Assignment
Quote every line below exactly as it reads.

Dataset entries
···
locale generalized_oscillator =
  fixes \<omega> :: "'v::{real_vector,t2_space} \<Rightarrow> 'v \<Rightarrow> real"
    and \<gamma> :: "real \<Rightarrow> 'v \<Rightarrow> 'v"
    and D :: "'v \<Rightarrow> 'v"
    and \<iota>Q :: "'v \<Rightarrow> 'h::{real_inner,complete_space}"
    and \<eta> :: "'v \<Rightarrow> 'h"
  assumes locally_convex: "locally_convex TYPE('v)"
    and bilinear_omega: "bilinear \<omega>"
    and alternating: "\<And>x. \<omega> x x = 0"
    and nondegenerate: "\<And>x. (\<And>y. \<omega> x y = 0) \<Longrightarrow> x = 0"
    and continuous_omega: "continuous_on UNIV (\<lambda>p. \<omega> (fst p) (snd p))"
    and linear_gamma: "\<And>t. linear (\<gamma> t)"
    and continuous_gamma: "\<And>t. continuous_on UNIV (\<gamma> t)"
    and symplectic_gamma: "\<And>t x y. \<omega> (\<gamma> t x) (\<gamma> t y) = \<omega> x y"
    and gamma_0: "\<And>x. \<gamma> 0 x = x"
    and gamma_add: "\<And>s t x. \<gamma> (s + t) x = \<gamma> s (\<gamma> t x)"
    and generator: "\<And>v. ((\<lambda>t. (1 / t) *\<^sub>R (\<gamma> t v - v)) \<longlongrightarrow> D v) (at 0)"
    and linear_\<iota>Q: "linear \<iota>Q"
    and inner_\<iota>Q: "\<And>x y. inner (\<iota>Q x) (\<iota>Q y) = \<omega> (D x) y"
    and dense_\<iota>Q: "closure (range \<iota>Q) = UNIV"
    and inner_\<eta>: "\<And>x y. inner (\<eta> x) (\<iota>Q y) = \<omega> x y"
begin

lemma omega_antisym: "\<omega> x y = - \<omega> y x"
  using alternating[of "x + y"] alternating[of x] alternating[of y]
  by (simp add: bilinear_ladd[OF bilinear_omega] bilinear_radd[OF bilinear_omega])

lemma omega_D_skew: "\<omega> (D x) y = - \<omega> x (D y)"
  using inner_\<iota>Q[of x y] inner_\<iota>Q[of y x] omega_antisym[of "D y" x]
  by (simp add: inner_commute)

lemma linear_D: "linear D"
proof (rule linearI)
  fix a b
  have "\<omega> (D (a + b) - D a - D b) y = 0" for y
    using inner_\<iota>Q[of "a + b" y] inner_\<iota>Q[of a y] inner_\<iota>Q[of b y]
    by (simp add: bilinear_lsub[OF bilinear_omega] linear_add[OF linear_\<iota>Q] inner_add_left)
  then show "D (a + b) = D a + D b"
    using nondegenerate[of "D (a + b) - D a - D b"] by (simp add: algebra_simps)
next
  fix r a
  have "\<omega> (D (r *\<^sub>R a) - r *\<^sub>R D a) y = 0" for y
    using inner_\<iota>Q[of "r *\<^sub>R a" y] inner_\<iota>Q[of a y]
    by (simp add: bilinear_lsub[OF bilinear_omega] bilinear_lmul[OF bilinear_omega]
        linear_scale[OF linear_\<iota>Q])
  then show "D (r *\<^sub>R a) = r *\<^sub>R D a"
    using nondegenerate[of "D (r *\<^sub>R a) - r *\<^sub>R D a"] by simp
qed

sublocale Q: skew_operator \<iota>Q D
  by (rule skew_operator.intro[OF linear_\<iota>Q linear_D _ dense_\<iota>Q])
    (simp add: inner_\<iota>Q omega_D_skew)

lemma eta_D: "\<eta> (D w) = \<iota>Q w"
proof -
  have "inner (\<eta> (D w) - \<iota>Q w) y = 0" if "y \<in> range \<iota>Q" for y
    using that by (auto simp: inner_diff_left inner_\<eta> inner_\<iota>Q)
  then show ?thesis
    using orthogonal_dense_imp_zero[OF dense_\<iota>Q] by fastforce
qed

lemma linear_eta: "linear \<eta>"
proof (rule linearI)
  fix a b
  have "inner (\<eta> (a + b) - \<eta> a - \<eta> b) y = 0" if "y \<in> range \<iota>Q" for y
    using that by (auto simp: inner_diff_left inner_\<eta> bilinear_ladd[OF bilinear_omega])
  then show "\<eta> (a + b) = \<eta> a + \<eta> b"
    using orthogonal_dense_imp_zero[OF dense_\<iota>Q] by (fastforce simp: algebra_simps)
next
  fix r a
  have "inner (\<eta> (r *\<^sub>R a) - r *\<^sub>R \<eta> a) y = 0" if "y \<in> range \<iota>Q" for y
    using that by (auto simp: inner_diff_left inner_\<eta> bilinear_lmul[OF bilinear_omega])
  then show "\<eta> (r *\<^sub>R a) = r *\<^sub>R \<eta> a"
    using orthogonal_dense_imp_zero[OF dense_\<iota>Q] by fastforce
qed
···
Solution to this task
locale generalized_oscillator =
  fixes \<omega> :: "'v::{real_vector,t2_space} \<Rightarrow> 'v \<Rightarrow> real"
    and \<gamma> :: "real \<Rightarrow> 'v \<Rightarrow> 'v"
    and D :: "'v \<Rightarrow> 'v"
    and \<iota>Q :: "'v \<Rightarrow> 'h::{real_inner,complete_space}"
    and \<eta> :: "'v \<Rightarrow> 'h"
  assumes locally_convex: "locally_convex TYPE('v)"
    and bilinear_omega: "bilinear \<omega>"
    and alternating: "\<And>x. \<omega> x x = 0"
    and nondegenerate: "\<And>x. (\<And>y. \<omega> x y = 0) \<Longrightarrow> x = 0"
    and continuous_omega: "continuous_on UNIV (\<lambda>p. \<omega> (fst p) (snd p))"
    and linear_gamma: "\<And>t. linear (\<gamma> t)"
    and continuous_gamma: "\<And>t. continuous_on UNIV (\<gamma> t)"
    and symplectic_gamma: "\<And>t x y. \<omega> (\<gamma> t x) (\<gamma> t y) = \<omega> x y"
    and gamma_0: "\<And>x. \<gamma> 0 x = x"
    and gamma_add: "\<And>s t x. \<gamma> (s + t) x = \<gamma> s (\<gamma> t x)"
    and generator: "\<And>v. ((\<lambda>t. (1 / t) *\<^sub>R (\<gamma> t v - v)) \<longlongrightarrow> D v) (at 0)"
    and linear_\<iota>Q: "linear \<iota>Q"
    and inner_\<iota>Q: "\<And>x y. inner (\<iota>Q x) (\<iota>Q y) = \<omega> (D x) y"
    and dense_\<iota>Q: "closure (range \<iota>Q) = UNIV"
    and inner_\<eta>: "\<And>x y. inner (\<eta> x) (\<iota>Q y) = \<omega> x y"
begin

lemma omega_antisym: "\<omega> x y = - \<omega> y x"
  using alternating[of "x + y"] alternating[of x] alternating[of y]
  by (simp add: bilinear_ladd[OF bilinear_omega] bilinear_radd[OF bilinear_omega])

lemma omega_D_skew: "\<omega> (D x) y = - \<omega> x (D y)"
  using inner_\<iota>Q[of x y] inner_\<iota>Q[of y x] omega_antisym[of "D y" x]
  by (simp add: inner_commute)

lemma linear_D: "linear D"
proof (rule linearI)
  fix a b
  have "\<omega> (D (a + b) - D a - D b) y = 0" for y
    using inner_\<iota>Q[of "a + b" y] inner_\<iota>Q[of a y] inner_\<iota>Q[of b y]
    by (simp add: bilinear_lsub[OF bilinear_omega] linear_add[OF linear_\<iota>Q] inner_add_left)
  then show "D (a + b) = D a + D b"
    using nondegenerate[of "D (a + b) - D a - D b"] by (simp add: algebra_simps)
next
  fix r a
  have "\<omega> (D (r *\<^sub>R a) - r *\<^sub>R D a) y = 0" for y
    using inner_\<iota>Q[of "r *\<^sub>R a" y] inner_\<iota>Q[of a y]
    by (simp add: bilinear_lsub[OF bilinear_omega] bilinear_lmul[OF bilinear_omega]
        linear_scale[OF linear_\<iota>Q])
  then show "D (r *\<^sub>R a) = r *\<^sub>R D a"
    using nondegenerate[of "D (r *\<^sub>R a) - r *\<^sub>R D a"] by simp
qed

sublocale Q: skew_operator \<iota>Q D
  by (rule skew_operator.intro[OF linear_\<iota>Q linear_D _ dense_\<iota>Q])
    (simp add: inner_\<iota>Q omega_D_skew)

lemma eta_D: "\<eta> (D w) = \<iota>Q w"
proof -
  have "inner (\<eta> (D w) - \<iota>Q w) y = 0" if "y \<in> range \<iota>Q" for y
    using that by (auto simp: inner_diff_left inner_\<eta> inner_\<iota>Q)
  then show ?thesis
    using orthogonal_dense_imp_zero[OF dense_\<iota>Q] by fastforce
qed

lemma linear_eta: "linear \<eta>"
proof (rule linearI)
  fix a b
  have "inner (\<eta> (a + b) - \<eta> a - \<eta> b) y = 0" if "y \<in> range \<iota>Q" for y
    using that by (auto simp: inner_diff_left inner_\<eta> bilinear_ladd[OF bilinear_omega])
  then show "\<eta> (a + b) = \<eta> a + \<eta> b"
    using orthogonal_dense_imp_zero[OF dense_\<iota>Q] by (fastforce simp: algebra_simps)
next
  fix r a
  have "inner (\<eta> (r *\<^sub>R a) - r *\<^sub>R \<eta> a) y = 0" if "y \<in> range \<iota>Q" for y
    using that by (auto simp: inner_diff_left inner_\<eta> bilinear_lmul[OF bilinear_omega])
  then show "\<eta> (r *\<^sub>R a) = r *\<^sub>R \<eta> a"
    using orthogonal_dense_imp_zero[OF dense_\<iota>Q] by fastforce
qed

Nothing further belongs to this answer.